**Activity:**
Recreate the entire listing that appears below, exactly.

**Entries provided:**
lemma rational_polytope_eq_Inter_facet_halfsp:
  fixes P :: "(real^'n) set"
  assumes rp: "rational_polytope P"
  shows "P = \<Inter>{halfsp \<alpha> \<beta> | \<alpha> \<beta>. primitive \<alpha> \<beta> \<and> P \<subseteq> halfsp \<alpha> \<beta> \<and> (P \<inter> hyp \<alpha> \<beta>) facet_of P}"
    (is "P = \<Inter>?H")
proof
  show "P \<subseteq> \<Inter>?H" by blast
next
  obtain V where "finite V" "P = convex hull V" and dim_P: "aff_dim P = int CARD('n)"
    using rp unfolding rational_polytope_def by blast
  then have "polyhedron P" using polytope_imp_polyhedron polytope_def by blast
  then obtain F where F: "finite F" "P = affine hull P \<inter> \<Inter>F"
      "\<forall>h\<in>F. \<exists>a b. a \<noteq> 0 \<and> h = {x. a \<bullet> x \<le> b}"
      "\<forall>F'. F' \<subset> F \<longrightarrow> P \<subset> affine hull P \<inter> \<Inter>F'"
    unfolding polyhedron_Int_affine_minimal by blast
  obtain a b where ab: "\<forall>h\<in>F. a h \<noteq> 0 \<and> h = {x. a h \<bullet> x \<le> b h}"
    using F(3) by metis
  have F_H: "h \<in> ?H" if h: "h \<in> F" for h
  proof -
    have facet: "(P \<inter> {x. a h \<bullet> x = b h}) facet_of P"
      using facet_of_polyhedron_explicit[OF F(1) F(2), of a b] ab F(4) h by blast
    obtain \<alpha> \<beta> where \<alpha>\<beta>: "primitive \<alpha> \<beta>" "halfsp \<alpha> \<beta> = h" "hyp \<alpha> \<beta> = {x. a h \<bullet> x = b h}"
      using rational_polytope_facet_primitive[OF rp _ facet] ab h by metis
    moreover have "P \<subseteq> halfsp \<alpha> \<beta>" using F(2) h \<alpha>\<beta>(2) by blast
    moreover have "(P \<inter> hyp \<alpha> \<beta>) facet_of P" using facet \<alpha>\<beta>(3) by simp
    ultimately show ?thesis by blast
  qed
  have "affine hull P = UNIV" using dim_P aff_dim_eq_full[of P] by simp
  then have "P = \<Inter>F" using F(2) by simp
  then show "\<Inter>?H \<subseteq> P" using F_H by blast
qed

lemma ipair_ivec: "ipair \<alpha> (ivec z) = of_int (\<Sum>i\<in>UNIV. \<alpha> $ i * z $ i)"
  by (simp add: ipair_def ivec_def inner_vec_def)

lemma same_piece_ipair:
  assumes "A \<in> pieces \<alpha>" "x \<in> A" "y \<in> A"
  shows same_piece_ceiling: "\<lceil>ipair \<alpha> x\<rceil> = \<lceil>ipair \<alpha> y\<rceil>"
    and same_piece_Ints: "ipair \<alpha> x \<in> \<int> \<Longrightarrow> ipair \<alpha> y = ipair \<alpha> x"
proof -
  from assms(1) consider k where "A = hyp \<alpha> k"
    | k where "A = {x. of_int k < ipair \<alpha> x \<and> ipair \<alpha> x < of_int k + 1}"
    unfolding pieces_def by blast
  then have "\<lceil>ipair \<alpha> x\<rceil> = \<lceil>ipair \<alpha> y\<rceil> \<and> (ipair \<alpha> x \<in> \<int> \<longrightarrow> ipair \<alpha> y = ipair \<alpha> x)"
  proof cases
    case 1
    then show ?thesis using assms by (simp add: hyp_def)
  next
    case (2 k)
    have strip: "\<lceil>z\<rceil> = k + 1 \<and> z \<notin> \<int>" if "of_int k < z" "z < of_int k + 1" for z :: real
    proof
      show "\<lceil>z\<rceil> = k + 1" using that by (simp add: ceiling_eq_iff)
      show "z \<notin> \<int>"
      proof
        assume "z \<in> \<int>"
        then obtain n where "z = of_int n" by (rule Ints_cases)
        with that show False by simp
      qed
    qed
    show ?thesis using assms 2 strip by auto
  qed
  then show "\<lceil>ipair \<alpha> x\<rceil> = \<lceil>ipair \<alpha> y\<rceil>" "ipair \<alpha> x \<in> \<int> \<Longrightarrow> ipair \<alpha> y = ipair \<alpha> x"
    by blast+
qed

**Output for this task:**
lemma rational_polytope_eq_Inter_facet_halfsp:
  fixes P :: "(real^'n) set"
  assumes rp: "rational_polytope P"
  shows "P = \<Inter>{halfsp \<alpha> \<beta> | \<alpha> \<beta>. primitive \<alpha> \<beta> \<and> P \<subseteq> halfsp \<alpha> \<beta> \<and> (P \<inter> hyp \<alpha> \<beta>) facet_of P}"
    (is "P = \<Inter>?H")
proof
  show "P \<subseteq> \<Inter>?H" by blast
next
  obtain V where "finite V" "P = convex hull V" and dim_P: "aff_dim P = int CARD('n)"
    using rp unfolding rational_polytope_def by blast
  then have "polyhedron P" using polytope_imp_polyhedron polytope_def by blast
  then obtain F where F: "finite F" "P = affine hull P \<inter> \<Inter>F"
      "\<forall>h\<in>F. \<exists>a b. a \<noteq> 0 \<and> h = {x. a \<bullet> x \<le> b}"
      "\<forall>F'. F' \<subset> F \<longrightarrow> P \<subset> affine hull P \<inter> \<Inter>F'"
    unfolding polyhedron_Int_affine_minimal by blast
  obtain a b where ab: "\<forall>h\<in>F. a h \<noteq> 0 \<and> h = {x. a h \<bullet> x \<le> b h}"
    using F(3) by metis
  have F_H: "h \<in> ?H" if h: "h \<in> F" for h
  proof -
    have facet: "(P \<inter> {x. a h \<bullet> x = b h}) facet_of P"
      using facet_of_polyhedron_explicit[OF F(1) F(2), of a b] ab F(4) h by blast
    obtain \<alpha> \<beta> where \<alpha>\<beta>: "primitive \<alpha> \<beta>" "halfsp \<alpha> \<beta> = h" "hyp \<alpha> \<beta> = {x. a h \<bullet> x = b h}"
      using rational_polytope_facet_primitive[OF rp _ facet] ab h by metis
    moreover have "P \<subseteq> halfsp \<alpha> \<beta>" using F(2) h \<alpha>\<beta>(2) by blast
    moreover have "(P \<inter> hyp \<alpha> \<beta>) facet_of P" using facet \<alpha>\<beta>(3) by simp
    ultimately show ?thesis by blast
  qed
  have "affine hull P = UNIV" using dim_P aff_dim_eq_full[of P] by simp
  then have "P = \<Inter>F" using F(2) by simp
  then show "\<Inter>?H \<subseteq> P" using F_H by blast
qed

lemma ipair_ivec: "ipair \<alpha> (ivec z) = of_int (\<Sum>i\<in>UNIV. \<alpha> $ i * z $ i)"
  by (simp add: ipair_def ivec_def inner_vec_def)

lemma same_piece_ipair:
  assumes "A \<in> pieces \<alpha>" "x \<in> A" "y \<in> A"
  shows same_piece_ceiling: "\<lceil>ipair \<alpha> x\<rceil> = \<lceil>ipair \<alpha> y\<rceil>"
    and same_piece_Ints: "ipair \<alpha> x \<in> \<int> \<Longrightarrow> ipair \<alpha> y = ipair \<alpha> x"
proof -
  from assms(1) consider k where "A = hyp \<alpha> k"
    | k where "A = {x. of_int k < ipair \<alpha> x \<and> ipair \<alpha> x < of_int k + 1}"
    unfolding pieces_def by blast
  then have "\<lceil>ipair \<alpha> x\<rceil> = \<lceil>ipair \<alpha> y\<rceil> \<and> (ipair \<alpha> x \<in> \<int> \<longrightarrow> ipair \<alpha> y = ipair \<alpha> x)"
  proof cases
    case 1
    then show ?thesis using assms by (simp add: hyp_def)
  next
    case (2 k)
    have strip: "\<lceil>z\<rceil> = k + 1 \<and> z \<notin> \<int>" if "of_int k < z" "z < of_int k + 1" for z :: real
    proof
      show "\<lceil>z\<rceil> = k + 1" using that by (simp add: ceiling_eq_iff)
      show "z \<notin> \<int>"
      proof
        assume "z \<in> \<int>"
        then obtain n where "z = of_int n" by (rule Ints_cases)
        with that show False by simp
      qed
    qed
    show ?thesis using assms 2 strip by auto
  qed
  then show "\<lceil>ipair \<alpha> x\<rceil> = \<lceil>ipair \<alpha> y\<rceil>" "ipair \<alpha> x \<in> \<int> \<Longrightarrow> ipair \<alpha> y = ipair \<alpha> x"
    by blast+
qed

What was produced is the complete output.